В детстве я часто играл в амбаре, стоявшем на месте мастерской. Мне нравился царивший там полумрак. С малых лет я хорошо себя чувствую в закрытых пространствах, мне некомфортно за их пределами. Однако в мастерской не должно быть темно, поэтому я устроил в потолке два больших окна, чтобы дать доступ дневному свету. А чтобы никто ко мне не вломился, поставил прочные металлические решетки.

Решетки я приспособил и на остальные окна, устроил в мастерской туалет, умывальник. Амбар был двухэтажный; рабочие разобрали перекрытия, и получилось типа бунгало с высоким потолком.

Мастерские художников обычно так и устроены. Много воздуха в помещении, высокие потолки дают чувство свободы, вдохновляют творческие порывы. Когда работаешь над большой картиной, низкий потолок – делу не помощник. Конечно, работать можно и под низким потолком, но, бывает, нужно отойти подальше, чтобы взглянуть на свою работу со стороны. Так что лучше иметь помещение попросторнее.

Я очень люблю свою мастерскую. Поставил там железную кровать из военного госпиталя, решил там ночевать. Удобно, что кровать на колесиках – можно свободно передвигать ее куда захочу.

Мне нравятся высокие окна. Осенью, когда день переваливает за половину, солнце расцвечивает пол мастерской световыми пятнами, исчерченными полосками теней от оконных решеток. Падающие на оконное стекло сухие листья кажутся нотами, разбросанными по нотной тетради.

Я люблю смотреть на прорубленное высоко в стене окно; раньше оно было на втором этаже. При этом непроизвольно напеваю себе под нос любимые мелодии – «Остров Капри» или «Орхидею в лунном свете».

На первом этаже окна, выходящие на север и запад, упирались прямо в забор, поэтому я их закрасил, оставив то, что смотрит на южную сторону. Стена с закрашенными окнами стала казаться еще шире. Амбар построили, когда я был совсем маленьким; стены, сложенной из блоков вулканической пемзы, тогда еще не было. С восточной стороны мастерской находится входная дверь и пристройка с туалетом.

Вдоль стены с закрашенными окнами стоят одиннадцать картин, в которые я вложил всю душу. Все они относятся к циклу «Знаки Зодиака». Пока их одиннадцать, скоро должно быть готово двенадцатое полотно.

Сейчас я как раз работаю над Овном.
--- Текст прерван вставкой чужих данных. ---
(* For every $n$ such that $Y_n=k\in\{1,\dots,N-1\}$: (1) if $Y_{n+1}=k+1$ then $\begin{pmatrix}U_{n+1}\\ V_{n+1}\end{pmatrix}=\bar B_k^+\begin{pmatrix}U_n\\ V_n\end{pmatrix}$ with $\bar B_k^+=\begin{pmatrix}1-\frac{N-k}{2N(k+1)} & \frac{N-k}{2N(k+1)}\\ 0 & 1\end{pmatrix}$; (2) if $Y_{n+1}=k-1$ then $\begin{pmatrix}U_{n+1}\\ V_{n+1}\end{pmatrix}=\bar B_k^-\begin{pmatrix}U_n\\ V_n\end{pmatrix}$ with $\bar B_k^-=\begin{pmatrix}1 & 0\\ \frac{k}{2N(N-k+1)} & 1-\frac{k}{2N(N-k+1)}\end{pmatrix}$; (3) if $Y_{n+1}=k$ then $\begin{pmatrix}U_{n+1}\\ V_{n+1}\end{pmatrix}=\bar B_k^{(0)}\begin{pmatrix}U_n\\ V_n\end{pmatrix}$ with $$\bar B_k^{(0)}=\frac{k^2}{k^2+(1+s)(N-k)^2}\begin{pmatrix}1-\frac{N-k}{2kN} & \frac{N-k}{2kN}\\ 0 & 1\end{pmatrix}+\frac{(1+s)(N-k)^2}{k^2+(1+s)(N-k)^2}\begin{pmatrix}1 & 0\\ \frac{k}{2N(N-k)} & 1-\frac{k}{2N(N-k)}\end{pmatrix}.$$ In particular, if $T^Y_0<T^Y_N$ then $(U_{T^Y_0},V_{T^Y_0})^T=\begin{pmatrix}1&0\\ \frac{1}{2N^2}&\frac{2N^2-1}{2N^2}\end{pmatrix}(U_{T^Y_0-1},V_{T^Y_0-1})^T$, and if $T^Y_N<T^Y_0$ then $(U_{T^Y_N},V_{T^Y_N})^T=\begin{pmatrix}\frac{2N^2-1}{2N^2}&\frac{1}{2N^2}\\ 0&1\end{pmatrix}(U_{T^Y_N-1},V_{T^Y_N-1})^T$.
   Context: Biparental Moran model with selection at death. Fix an integer $N\ge 2$ and a real $s>0$; let $I=\{1,\dots,N\}$ be the set of sites, each occupied by one individual which is either advantaged or disadvantaged. Let $\mathcal{Y}_n\subseteq I$ be the set of sites of advantaged individuals at time $n\in\mathbb{Z}_+$ ($\mathcal{Y}_0$ is a given initial set) and $Y_n=|\mathcal{Y}_n|$. At each time step $n$, conditionally on the past: a "mother" site $\mu_n$ and a "father" site $\pi_n$ are drawn independently and uniformly from $I$, and independently a site $\kappa_n$ is drawn with $\mathbb{P}(\kappa_n=i)$ proportional to the death weight of $i$, which equals $1$ if $i\in\mathcal{Y}_n$ and $1+s$ if $i\notin\mathcal{Y}_n$. The individual at $\kappa_n$ dies and is replaced by an offspring of $\mu_n$ and $\pi_n$, whose type is that of the mother: $\mathcal{Y}_{n+1}=\mathcal{Y}_n\cup\{\kappa_n\}$ if $\mu_n\in\mathcal{Y}_n$ and $\mathcal{Y}_{n+1}=\mathcal{Y}_n\setminus\{\kappa_n\}$ if $\mu_n\notin\mathcal{Y}_n$; all other individuals are unchanged. Pedigree and ancestral weights: $\mathcal{G}_N$ denotes the random oriented graph on $I\times\mathbb{Z}_+$ with, for each $n$, arrows from $(\kappa_n,n+1)$ to $(\mu_n,n)$ and to $(\pi_n,n)$, and from $(i,n+1)$ to $(i,n)$ for every $i\neq\kappa_n$. For $n\ge0$, the genealogy of a neutral gene sampled at time $n$ is the process $(X^{(n)}_k)_{0\le k\le n}$ which, conditionally on $\mathcal{G}_N$, is a Markov chain with: if $X^{(n)}_k=x\neq\kappa_{n-k-1}$ then $X^{(n)}_{k+1}=x$, and if $X^{(n)}_k=\kappa_{n-k-1}$ then $X^{(n)}_{k+1}$ equals $\mu_{n-k-1}$ or $\pi_{n-k-1}$ with probability $1/2$ each. Set $A_n(i,j)=\mathbb{P}(X^{(n)}_n=j\mid X^{(n)}_0=i,\mathcal{G}_N)$ and $$\Xi^A_n=\frac{1}{Y_n}\sum_{l\in\mathcal{Y}_n}\sum_{l'\in\mathcal{Y}_0}A_n(l,l'),\qquad \Xi^B_n=\frac{1}{N-Y_n}\sum_{l\notin\mathcal{Y}_n}\sum_{l'\in\mathcal{Y}_0}A_n(l,l')$$ (when the denominators are nonzero). Let $\mathcal{F}^Y_n=\sigma(Y_0,\dots,Y_n)$, $U_n=\mathbb{E}(\Xi^A_n\mid\mathcal{F}^Y_n)$, $V_n=\mathbb{E}(\Xi^B_n\mid\mathcal{F}^Y_n)$ (so $U_0=1$, $V_0=0$). For $y\in\{0,\dots,N\}$, $T^Y_y=\inf\{n:Y_n=y\}$ (with $\inf\emptyset=\infty$). *)

theory Defs
  imports "HOL-Probability.Probability"
begin

text \<open>Biparental Moran model with selection at death. Sites are I = {1..N}.
A draw at one time step is a triple (mother, father, killed site).\<close>

type_synonym draw = "nat \<times> nat \<times> nat"

definition dw :: "real \<Rightarrow> nat set \<Rightarrow> nat \<Rightarrow> real" where
  "dw s Y i = (if i \<in> Y then 1 else 1 + s)"

definition kill_pmf :: "nat \<Rightarrow> real \<Rightarrow> nat set \<Rightarrow> nat pmf" where
  "kill_pmf N s Y = embed_pmf (\<lambda>i. if i \<in> {1..N}
      then dw s Y i / (\<Sum>j\<in>{1..N}. dw s Y j) else 0)"

definition draw_pmf :: "nat \<Rightarrow> real \<Rightarrow> nat set \<Rightarrow> draw pmf" where
  "draw_pmf N s Y =
     bind_pmf (pmf_of_set {1..N}) (\<lambda>mu.
     bind_pmf (pmf_of_set {1..N}) (\<lambda>pa.
     map_pmf (\<lambda>ka. (mu, pa, ka)) (kill_pmf N s Y)))"

definition step :: "nat set \<Rightarrow> draw \<Rightarrow> nat set" where
  "step Y d = (case d of (mu, pa, ka) \<Rightarrow>
      if mu \<in> Y then insert ka Y else Y - {ka})"

fun paths :: "nat \<Rightarrow> real \<Rightarrow> nat \<Rightarrow> nat set \<Rightarrow> draw list pmf" where
  "paths N s 0 Y = return_pmf []"
| "paths N s (Suc n) Y =
     bind_pmf (draw_pmf N s Y) (\<lambda>d. map_pmf (\<lambda>ds. d # ds) (paths N s n (step Y d)))"

text \<open>The advantaged set after the draws ds, and the path (Y_0, ..., Y_n) of its sizes.\<close>
definition Yset :: "nat set \<Rightarrow> draw list \<Rightarrow> nat set" where
  "Yset Y0 ds = foldl step Y0 ds"

definition ypath :: "nat set \<Rightarrow> draw list \<Rightarrow> nat list" where
  "ypath Y0 ds = map (\<lambda>m. card (Yset Y0 (take m ds))) [0..<Suc (length ds)]"

text \<open>One backward step of the neutral-gene genealogy through draw d:
from site x (at time m+1) to site y (at time m).\<close>
definition gkernel :: "draw \<Rightarrow> nat \<Rightarrow> nat \<Rightarrow> real" where
  "gkernel d x y = (case d of (mu, pa, ka) \<Rightarrow>
      if x \<noteq> ka then (if y = x then 1 else 0)
      else (if y = mu then 1/2 else 0) + (if y = pa then 1/2 else 0))"

text \<open>Backward composition over a list of draws given in reverse chronological order.\<close>
fun Arev :: "nat \<Rightarrow> draw list \<Rightarrow> nat \<Rightarrow> nat \<Rightarrow> real" where
  "Arev N [] i j = (if i = j then 1 else 0)"
| "Arev N (d # rds) i j = (\<Sum>x\<in>{1..N}. gkernel d i x * Arev N rds x j)"

text \<open>A_n(i,j) = P(X^(n)_n = j | X^(n)_0 = i, pedigree), where ds = draws at times 0..n-1.\<close>
definition Agen :: "nat \<Rightarrow> draw list \<Rightarrow> nat \<Rightarrow> nat \<Rightarrow> real" where
  "Agen N ds = Arev N (rev ds)"

definition XiA :: "nat \<Rightarrow> nat set \<Rightarrow> draw list \<Rightarrow> real" where
  "XiA N Y0 ds = (\<Sum>l\<in>Yset Y0 ds. \<Sum>l'\<in>Y0. Agen N ds l l') / real (card (Yset Y0 ds))"

definition XiB :: "nat \<Rightarrow> nat set \<Rightarrow> draw list \<Rightarrow> real" where
  "XiB N Y0 ds = (\<Sum>l\<in>{1..N} - Yset Y0 ds. \<Sum>l'\<in>Y0. Agen N ds l l')
                   / real (N - card (Yset Y0 ds))"

text \<open>U_n and V_n: conditional expectations of Xi^A_n, Xi^B_n given the observed
path (Y_0,...,Y_n) = ys (meaningful on paths of positive probability).\<close>
definition Ucond :: "nat \<Rightarrow> real \<Rightarrow> nat set \<Rightarrow> nat \<Rightarrow> nat list \<Rightarrow> real" where
  "Ucond N s Y0 n ys =
     measure_pmf.expectation (cond_pmf (paths N s n Y0) {ds. ypath Y0 ds = ys}) (XiA N Y0)"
Это труд всей моей жизни; как только я его закончу, тут же приступлю к созданию Азот. Увидев свое творение завершенным, запечатлев в глазах его образ, я могу покинуть этот мир.
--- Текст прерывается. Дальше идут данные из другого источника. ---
(* Let $n\ge2$, let $X\subset\mathbb{R}^n$ be finite with the Euclidean metric $d$, let $k\in\mathbb{N}$, and fix an increasing sequence $0=\epsilon_0<\epsilon_1<\epsilon_2<\cdots$. Let $i\in\mathbb{N}$. For every $\alpha$ with $\epsilon_{i-1}<\alpha\le\epsilon_i$: (1) $E(H(i)_\alpha)\subset E(G(X,\rho^X)_\alpha)$; (2) if $(p,q)\in E(G(X,\rho^X)_\alpha)$, then there is a path in $H(i)_\alpha$ joining $p$ and $q$.
   Context: DBSCAN$^*$: for $Y\subset X$ and $\epsilon>0$, $\mathcal{C}(Y,\epsilon)=\{p\in Y:|\{y\in Y:d(p,y)\le\epsilon\}|>k\}$, $\mathcal{N}(Y,\epsilon)=Y\setminus\mathcal{C}(Y,\epsilon)$, and $\mathcal{D}^*(Y,\epsilon)$ is the set of vertex sets of the connected components of the graph with vertex set $\mathcal{C}(Y,\epsilon)$ and an edge between distinct $p,q$ whenever $d(p,q)\le\epsilon$. For $Z\subset X$ and $p\in Z$, $\operatorname{core}^Z_k(p)$ is the distance from $p$ to a $k$-th nearest neighbour of $p$ in $Z$ (the $k$-th smallest value of $d(p,z)$, $z\in Z\setminus\{p\}$, with multiplicity) and $\rho^Z(p,q)=\max\{\operatorname{core}^Z_k(p),\operatorname{core}^Z_k(q),d(p,q)\}$ for $p\ne q$, $\rho^Z(p,p)=0$. Cubes (for a given $\epsilon>0$): $\mathcal{Q}(\epsilon)$ is the collection of closed cubes $\{x\in\mathbb{R}^n: j_i\frac{\epsilon}{2\sqrt n}\le x_i\le (j_i+1)\frac{\epsilon}{2\sqrt n}\}$, $j\in\mathbb{Z}^n$; $S^m=\{x:\max_i|x_i-s_i|\le m\frac{\epsilon}{2\sqrt n}\text{ for some }s\in S\}$; $\mathcal{I}(B)=\{S\in\mathcal{Q}(\epsilon):S\cap B\ne\emptyset\}$. For $A\subset X$, $S\in\mathcal{I}(A)$ is an interior cube of $A$ if $S^1\cap X\subset A$ and every $T\in\mathcal{Q}(\epsilon)$ with $T\subset S^1$ lies in $\mathcal{I}(A)$, otherwise a boundary cube; $\partial A$ is the union of boundary cubes. For $Z\subset\mathbb{R}^n$, integer $N\ge0$: $Z^N=\bigcup_{S\in\mathcal{I}(Z)}S^N$, $Z^N_C=Z^N\cap C$. $\mathfrak{n},\mathfrak{m}$ are the smallest integers with $\mathfrak{n}\ge\sqrt n-1$, $\mathfrak{m}\ge2\sqrt n$; $\mathfrak{N}=\mathfrak{n}+\mathfrak{m}$. $F(Y,\epsilon)=\bigcup_{C\in\mathcal{D}^*(Y,\epsilon)}(\partial C)^{\mathfrak{N}}_C\cup\mathcal{N}(Y,\epsilon)$, cubes in $\mathcal{Q}(\epsilon)$. Graphs: $G(Z,w)$ is the complete weighted graph on finite $Z$ with weights $w(p,q)$; for a weighted graph $G$ and $\alpha\ge0$, $G_\alpha$ has the same vertices and only the edges of weight $\le\alpha$; $E(G)$ is the edge set. The union $G\cup H$ of weighted graphs has vertex set $V(G)\cup V(H)$, edge set $E(G)\cup E(H)$, and weight on a common edge the minimum of the two weights. Construction: $X_1=X$, $X_{i+1}=F(X_i,\epsilon_i)$ for $i\ge1$; $H(0)$ is the graph on $X_1$ with no edges; for $i\ge0$, $H(i+1)=\bigcup_{C\in\mathcal{D}^*(X_{i+1},\epsilon_{i+1})}G\big(B_{\epsilon_{i+1}}(C),\rho^{B_{\epsilon_{i+1}}(C)}\big)_{\epsilon_{i+1}}\cup H(i)$, where $B_{\epsilon_{i+1}}(C)=\{y\in X_{i+1}: d(y,C)\le\epsilon_{i+1}\}$. *)

theory Defs
  imports "HOL-Analysis.Analysis" "HOL-Library.Multiset"
begin

definition side :: "real \<Rightarrow> 'n::finite itself \<Rightarrow> real" where
  "side e _ = e / (2 * sqrt (real CARD('n)))"

definition cube :: "real \<Rightarrow> int^'n::finite \<Rightarrow> (real^'n) set" where
  "cube e j = {x. \<forall>i. real_of_int (j$i) * side e TYPE('n) \<le> x$i
                   \<and> x$i \<le> (real_of_int (j$i) + 1) * side e TYPE('n)}"

definition cubes :: "real \<Rightarrow> (real^'n::finite) set set" where
  "cubes e = range (cube e)"

definition thicken :: "real \<Rightarrow> nat \<Rightarrow> (real^'n::finite) set \<Rightarrow> (real^'n) set" where
  "thicken e m S = {x. \<exists>s\<in>S. \<forall>i. \<bar>x$i - s$i\<bar> \<le> real m * side e TYPE('n)}"

definition meeting_cubes :: "real \<Rightarrow> (real^'n::finite) set \<Rightarrow> (real^'n) set set" where
  "meeting_cubes e B = {S \<in> cubes e. S \<inter> B \<noteq> {}}"

definition interior_cube ::
  "(real^'n::finite) set \<Rightarrow> real \<Rightarrow> (real^'n) set \<Rightarrow> (real^'n) set \<Rightarrow> bool" where
  "interior_cube X e A S \<longleftrightarrow> S \<in> meeting_cubes e A \<and> thicken e 1 S \<inter> X \<subseteq> A
     \<and> (\<forall>T\<in>cubes e. T \<subseteq> thicken e 1 S \<longrightarrow> T \<in> meeting_cubes e A)"

definition boundary_cubes_union ::
  "(real^'n::finite) set \<Rightarrow> real \<Rightarrow> (real^'n) set \<Rightarrow> (real^'n) set" where
  "boundary_cubes_union X e A = \<Union>{S \<in> meeting_cubes e A. \<not> interior_cube X e A S}"

definition cube_nbhd :: "real \<Rightarrow> nat \<Rightarrow> (real^'n::finite) set \<Rightarrow> (real^'n) set" where
  "cube_nbhd e N Z = (\<Union>S\<in>meeting_cubes e Z. thicken e N S)"

definition frakn :: "'n::finite itself \<Rightarrow> nat" where
  "frakn _ = nat \<lceil>sqrt (real CARD('n)) - 1\<rceil>"

definition frakm :: "'n::finite itself \<Rightarrow> nat" where
  "frakm _ = nat \<lceil>2 * sqrt (real CARD('n))\<rceil>"

definition frakN :: "'n::finite itself \<Rightarrow> nat" where
  "frakN t = frakn t + frakm t"

definition core_points :: "nat \<Rightarrow> ('a::metric_space) set \<Rightarrow> real \<Rightarrow> 'a set" where
  "core_points k Y e = {p \<in> Y. card {y \<in> Y. dist p y \<le> e} > k}"

definition noise_points :: "nat \<Rightarrow> ('a::metric_space) set \<Rightarrow> real \<Rightarrow> 'a set" where
  "noise_points k Y e = Y - core_points k Y e"

definition core_rel :: "nat \<Rightarrow> ('a::metric_space) set \<Rightarrow> real \<Rightarrow> ('a \<times> 'a) set" where
  "core_rel k Y e = {(p, q). p \<in> core_points k Y e \<and> q \<in> core_points k Y e \<and> p \<noteq> q \<and> dist p q \<le> e}"

definition dbscan_clusters :: "nat \<Rightarrow> ('a::metric_space) set \<Rightarrow> real \<Rightarrow> 'a set set" where
  "dbscan_clusters k Y e =
     {C. \<exists>p \<in> core_points k Y e. C = {q \<in> core_points k Y e. (p, q) \<in> (core_rel k Y e)\<^sup>*}}"

definition Fset :: "(real^'n::finite) set \<Rightarrow> nat \<Rightarrow> (real^'n) set \<Rightarrow> real \<Rightarrow> (real^'n) set" where
  "Fset X k Y e =
     (\<Union>C\<in>dbscan_clusters k Y e. cube_nbhd e (frakN TYPE('n)) (boundary_cubes_union X e C) \<inter> C)
     \<union> noise_points k Y e"

text \<open>k-th smallest distance from p to points of Z - {p}, with multiplicity (k \<ge> 1).\<close>
definition core_dist :: "nat \<Rightarrow> ('a::metric_space) set \<Rightarrow> 'a \<Rightarrow> real" where
  "core_dist k Z p = sorted_list_of_multiset (image_mset (dist p) (mset_set (Z - {p}))) ! (k - 1)"

definition rho :: "nat \<Rightarrow> ('a::metric_space) set \<Rightarrow> 'a \<Rightarrow> 'a \<Rightarrow> real" where
  "rho k Z p q = (if p = q then 0 else max (max (core_dist k Z p) (core_dist k Z q)) (dist p q))"

text \<open>A weighted graph: vertex set and a partial weight function on ordered pairs
  (an edge (p,q), p \<noteq> q, is present iff its weight is defined; edges are symmetric).\<close>
type_synonym 'a wgraph = "'a set \<times> ('a \<times> 'a \<Rightarrow> real option)"

definition edges :: "'a wgraph \<Rightarrow> ('a \<times> 'a) set" where
  "edges G = {e. snd G e \<noteq> None}"

definition complete_wgraph :: "'a set \<Rightarrow> ('a \<Rightarrow> 'a \<Rightarrow> real) \<Rightarrow> 'a wgraph" where
  "complete_wgraph Z w = (Z, \<lambda>(p, q). if p \<in> Z \<and> q \<in> Z \<and> p \<noteq> q then Some (w p q) else None)"

definition threshold :: "'a wgraph \<Rightarrow> real \<Rightarrow> 'a wgraph" where
  "threshold G \<alpha> = (fst G, \<lambda>e. case snd G e of None \<Rightarrow> None
                                   | Some x \<Rightarrow> if x \<le> \<alpha> then Some x else None)"

definition gunion :: "'a wgraph \<Rightarrow> 'a wgraph \<Rightarrow> 'a wgraph" where
  "gunion G H = (fst G \<union> fst H, \<lambda>e. case (snd G e, snd H e) of
                    (None, b) \<Rightarrow> b
                  | (Some a, None) \<Rightarrow> Some a
                  | (Some a, Some b) \<Rightarrow> Some (min a b))"

definition gUnion :: "'a wgraph set \<Rightarrow> 'a wgraph" where
  "gUnion Gs = (\<Union>(fst ` Gs), \<lambda>e. if \<exists>G\<in>Gs. snd G e \<noteq> None
                                 then Some (Min {x. \<exists>G\<in>Gs. snd G e = Some x}) else None)"

text \<open>Xseq X k eps m = X_(m+1):  X_1 = X,  X_(m+2) = F(X_(m+1), eps_(m+1)).\<close>
fun Xseq :: "(real^'n::finite) set \<Rightarrow> nat \<Rightarrow> (nat \<Rightarrow> real) \<Rightarrow> nat \<Rightarrow> (real^'n) set" where
  "Xseq X k eps 0 = X"
| "Xseq X k eps (Suc m) = Fset X k (Xseq X k eps m) (eps (Suc m))"

definition Bset :: "('a::metric_space) set \<Rightarrow> real \<Rightarrow> 'a set \<Rightarrow> 'a set" where
  "Bset Y e C = {y \<in> Y. infdist y C \<le> e}"

fun Hseq :: "(real^'n::finite) set \<Rightarrow> nat \<Rightarrow> (nat \<Rightarrow> real) \<Rightarrow> nat \<Rightarrow> (real^'n) wgraph" where
  "Hseq X k eps 0 = (X, \<lambda>_. None)"
| "Hseq X k eps (Suc i) =
     gunion
       (gUnion ((\<lambda>C. threshold
                       (complete_wgraph (Bset (Xseq X k eps i) (eps (Suc i)) C)
                          (rho k (Bset (Xseq X k eps i) (eps (Suc i)) C)))
                       (eps (Suc i)))
                ` dbscan_clusters k (Xseq X k eps i) (eps (Suc i))))
       (Hseq X k eps i)"

end

theory Submission
  imports Defs
begin

(* Part (1): an edge of H(i) carries the weight rho^B(p, q) for some B contained in X with more
   than k points, and core distances can only decrease when B grows to X.

   Part (2): for alpha > 0 the edges of G(X, rho^X)_alpha are exactly the pairs of distinct core
   points of (X, alpha) at distance at most alpha, and such a pair (p, q) is joined in H(i)_alpha
   by induction on d(p, q). If p and q are still core points of (X_i, alpha), the pair is an edge
   of H(i). Otherwise, say for p, the point p or one of its alpha-neighbours was removed by some
   F(X_(m+1), eps_(m+1)) with m + 1 < i. From this one finds a point r with d(p, r) <= eps_(m+1)
   that F discards, deep inside a DBSCAN* cluster C of (X_(m+1), eps_(m+1)) containing p, and all
   of C is connected in H(m+1) at level eps_(m+1) <= alpha. If q is not in C, walking from r
   towards q leaves C through a boundary cube, and a point c of C in that cube satisfies
   d(c, q) < d(r, q) - eps_(m+1) <= d(p, q); induction applies to (c, q). *)

lemma finite_measure_induct [consumes 2, case_names less]:
  fixes f :: "'a \<Rightarrow> 'b::linorder"
  assumes "finite S" "x \<in> S"
    and step: "\<And>x. x \<in> S \<Longrightarrow> (\<And>y. y \<in> S \<Longrightarrow> f y < f x \<Longrightarrow> P y) \<Longrightarrow> P x"
  shows "P x"
proof -
  have "\<forall>x\<in>S. card {y \<in> S. f y < f x} = n \<longrightarrow> P x" for n
  proof (induction n rule: less_induct)
    case (less n)
    show ?case
    proof (intro ballI impI)
      fix x assume x: "x \<in> S" "card {y \<in> S. f y < f x} = n"
      show "P x"
      proof (rule step[OF x(1)])
        fix y assume y: "y \<in> S" "f y < f x"
        have "{z \<in> S. f z < f y} \<subset> {z \<in> S. f z < f x}" using y by auto
        then have "card {z \<in> S. f z < f y} < n"
          using x(2) assms(1) by (auto intro: psubset_card_mono)
        then show "P y" using less.IH y(1) by blast
      qed
    qed
  qed
  then show ?thesis using assms(2) by blast
qed


section \<open>Neighbour counts and core distances\<close>

definition nbhd_card :: "('a::metric_space) set \<Rightarrow> 'a \<Rightarrow> real \<Rightarrow> nat" where
  "nbhd_card Z p b = card {z \<in> Z. z \<noteq> p \<and> dist p z \<le> b}"

lemma sorted_nth_le_iff:
  fixes xs :: "'a::linorder list"
  assumes "sorted xs" "i < length xs"
  shows "xs ! i \<le> b \<longleftrightarrow> i < length (filter (\<lambda>x. x \<le> b) xs)"
proof
  assume h: "xs ! i \<le> b"
  have "{0..i} \<subseteq> {l. l < length xs \<and> xs ! l \<le> b}"
    using assms h sorted_nth_mono by fastforce
  then have "card {0..i} \<le> card {l. l < length xs \<and> xs ! l \<le> b}"
    by (intro card_mono) auto
  then show "i < length (filter (\<lambda>x. x \<le> b) xs)"
    by (simp add: length_filter_conv_card)
next
  assume h: "i < length (filter (\<lambda>x. x \<le> b) xs)"
  show "xs ! i \<le> b"
  proof (rule ccontr)
    assume "\<not> xs ! i \<le> b"
    then have "{l. l < length xs \<and> xs ! l \<le> b} \<subseteq> {0..<i}"
      using assms(1) sorted_nth_mono by (fastforce simp: not_le)
    then have "card {l. l < length xs \<and> xs ! l \<le> b} \<le> i"
      using card_mono[of "{0..<i}"] by fastforce
    then show False using h by (simp add: length_filter_conv_card)
  qed
qed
А теперь немного о моих странствиях по Европе. Во Франции я познакомился с одной японкой. Ее звали Ясуэ Томигути.

Впервые я ступил на мощенные камнем мостовые Парижа в 1906 году. Я был молод и неутомим. Сейчас, наверное, все изменилось, но в то время у человека, приехавшего из Азии и едва говорившего по-французски, почти не было шансов встретить на парижских улицах соотечественника. От этого становилось тоскливо и одиноко. Бродя вечерами под ясным, подсвеченным луной небом Парижа, я ощущал себя единственным человеком на Земле.

Но постепенно я стал лучше говорить по-французски и привык к тому, что меня окружало. Было уже не так одиноко. А прогулки по Латинскому кварталу доставляли удовольствие.

Осень в Париже – замечательная пора. Мне нравилось, как шуршат под ногами опавшие листья, цвет которых прекрасно сочетался с серым гранитом мостовых.

В это время я открыл для себя Гюстава Моро. Помню металлическую табличку с номером «14» на доме на улице Ларошфуко[9]. С тех пор Моро и Ван Гог стали моей духовной пищей.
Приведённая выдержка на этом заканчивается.